• Aug 26th 2007, 04:31 PM
casper
I really need some help here. Please be specific as this is new to me.

Graph the quadratic equation after completing the given table of values.
y = x^2 + 2x – 3.
Include the axis of symmetry and show specific points, vertex, and intercepts.
x, y
–3, ?
-2, ?
–1, ?
0, ?
1, ?

I don't expect anyone to try to tell me how to graph the points. I can do that. I need step by step with how to get the points, axis of symmetry and vertex. My text doesn't really help me understand and this is the only problem I can't figure out of my assignment.
Greatly appreciated!! :(:confused::(:confused:
• Aug 26th 2007, 04:40 PM
Jhevon
Quote:

Originally Posted by casper
I really need some help here. Please be specific as this is new to me.
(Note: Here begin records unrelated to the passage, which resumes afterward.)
lemma decomp_mutually_inverse_transfer:
  assumes ad: "adequate S0" and d: "decomp S0 z a"
    and a': "a' \<in> S0" "mutually_inverse a a'"
  shows "mutually_inverse z a'"
proof -
  have a: "a \<in> S0" using d by (simp add: decomp_def)
  obtain e f where ef: "idem e" "idem f" "z = e * a * f"
      "greenL e (a * a')" "greenR f (a' * a)"
    using d plus_eq_mutually_inverse[OF ad a a'] star_eq_mutually_inverse[OF ad a a']
    unfolding decomp_def by metis
  have "a * a' * e = a * a'" "f * (a' * a) = a' * a"
    using greenL_idem(2) greenR_idem(2) ef mutually_inverse_idem[OF a'(2)] by blast+
  then have a'e: "a' * e = a'" and fa': "f * a' = a'"
    using a'(2) unfolding mutually_inverse_def by (metis mult.assoc)+
  have "z * a' * z = e * a * (f * a') * e * a * f" using ef(3) by (simp add: mult.assoc)
  also have "\<dots> = e * (a * (a' * e) * a) * f" using fa' by (simp add: mult.assoc)
  also have "\<dots> = z" using a'e a'(2) ef(3) by (simp add: mutually_inverse_def mult.assoc)
  finally have "z * a' * z = z" .
  moreover have "a' * z * a' = (a' * e) * a * (f * a')" using ef(3) by (simp add: mult.assoc)
  ultimately show ?thesis
    using a'e fa' a'(2) unfolding mutually_inverse_def by simp
qed

lemma bar_eq_mutually_inverse:
  assumes at: "adequate_transversal S0"
    and c: "c \<in> S0" "w \<in> S0" "mutually_inverse c w" and z: "mutually_inverse z w"
  shows "bar S0 z = c"
  using at decomp_mutually_inverse[OF _ c z]
  unfolding adequate_transversal_def bar_def by (blast intro: the1_equality)

lemma decomp_bar:
  assumes "adequate_transversal S0"
  shows "decomp S0 z (bar S0 z)"
  using assms unfolding adequate_transversal_def bar_def by (blast intro: theI')

lemma mutually_inverse_mult:
  fixes a b :: "'a::semigroup_mult"
  assumes bands: "\<And>e f::'a. idem e \<Longrightarrow> idem f \<Longrightarrow> idem (e * f)"
    and a: "mutually_inverse a a'" and b: "mutually_inverse b b'"
  shows "mutually_inverse (a * b) (b' * a')"
proof -
  have a1: "a * a' * a = a" "a' * a * a' = a'" and b1: "b * b' * b = b" "b' * b * b' = b'"
    using a b unfolding mutually_inverse_def by auto
  have i1: "idem (a' * a * (b * b'))"
    by (rule bands[OF mutually_inverse_idem(2)[OF a] mutually_inverse_idem(1)[OF b]])
  have i2: "idem (b * b' * (a' * a))"
    by (rule bands[OF mutually_inverse_idem(1)[OF b] mutually_inverse_idem(2)[OF a]])
  have "a * b * (b' * a') * (a * b) = (a * a' * a) * b * (b' * a') * (a * (b * b' * b))"
    using a1 b1 by simp
  also have "\<dots> = a * ((a' * a * (b * b')) * (a' * a * (b * b'))) * b" by (simp add: mult.assoc)
  also have "\<dots> = (a * a' * a) * (b * b' * b)" using i1 by (simp add: idem_def mult.assoc)
  finally have ab: "a * b * (b' * a') * (a * b) = a * b" using a1 b1 by simp
  have "b' * a' * (a * b) * (b' * a') = (b' * b * b') * a' * (a * b) * (b' * (a' * a * a'))"
    using a1 b1 by simp
  also have "\<dots> = b' * ((b * b' * (a' * a)) * (b * b' * (a' * a))) * a'" by (simp add: mult.assoc)
  also have "\<dots> = (b' * b * b') * (a' * a * a')" using i2 by (simp add: idem_def mult.assoc)
  finally have "b' * a' * (a * b) * (b' * a') = b' * a'" using a1 b1 by simp
  with ab show ?thesis unfolding mutually_inverse_def by blast
qed

theorem corollary2p6:
  fixes S0 :: "'a::semigroup_mult set"
  assumes "orthodox TYPE('a)"
    and "adequate_transversal S0"
  shows "\<forall>x y::'a. bar S0 (x * y) = bar S0 x * bar S0 y"
proof (intro allI)
  fix x y :: 'a
  have reg: "regular TYPE('a)" and bands: "\<And>e f::'a. idem e \<Longrightarrow> idem f \<Longrightarrow> idem (e * f)"
    using assms(1) unfolding orthodox_def by auto
  have ad: "adequate S0" using assms(2) unfolding adequate_transversal_def by blast
  have bars: "bar S0 x \<in> S0" "bar S0 y \<in> S0"
    using decomp_bar[OF assms(2)] unfolding decomp_def by blast+
  obtain a' b' where a': "a' \<in> S0" "mutually_inverse (bar S0 x) a'"
    and b': "b' \<in> S0" "mutually_inverse (bar S0 y) b'"
    using adequate_transversal_inverse_closed[OF reg assms(2)] bars by meson
  have "mutually_inverse x a'" "mutually_inverse y b'"
    using decomp_mutually_inverse_transfer[OF ad decomp_bar[OF assms(2)]] a' b' by blast+
  then have "mutually_inverse (x * y) (b' * a')"
    using mutually_inverse_mult[OF bands] by blast
  moreover have "mutually_inverse (bar S0 x * bar S0 y) (b' * a')"
    using mutually_inverse_mult[OF bands a'(2) b'(2)] .
  ultimately show "bar S0 (x * y) = bar S0 x * bar S0 y"
    using bar_eq_mutually_inverse[OF assms(2)] adequate_mult_closed[OF ad] bars a'(1) b'(1)
    by blast
qed

end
Graph the quadratic equation after completing the given table of values.
y = x^2 + 2x – 3.
Include the axis of symmetry and show specific points, vertex, and intercepts.
x, y
–3, ?
-2, ?
–1, ?
0, ?
1, ?

I don't expect anyone to try to tell me how to graph the points. I can do that. I need step by step with how to get the points, axis of symmetry and vertex. My text doesn't really help me understand and this is the only problem I can't figure out of my assignment.
Greatly appreciated!! :(:confused::(:confused:

you get the points by plugging in the given x-values into the formula given

for instance, when x = -3, y = (-3)^2 + 2(-3) - 3 = 9 - 6 - 3 = 0

this is an upward-opening parabola, the axis of symmetry is the vertical line passing through the vertex

the x-value for the vertex is given by: $x = \frac {-b}{2a}$, where b is the coefficient of x and a is the coefficient of x^2

to find the y-coordinate for the vertex, you again would plug in the x-value into the formula
• Aug 26th 2007, 05:33 PM
Krizalid
Quote:

Originally Posted by casper
y = x^2 + 2x – 3.

To get quick the vertex

$y=x^2+2x-3=(x+1)^2-4$

So when $x=-1,\,y=-4\,\therefore\,\mathcal V=(-1,-4)\,\blacksquare$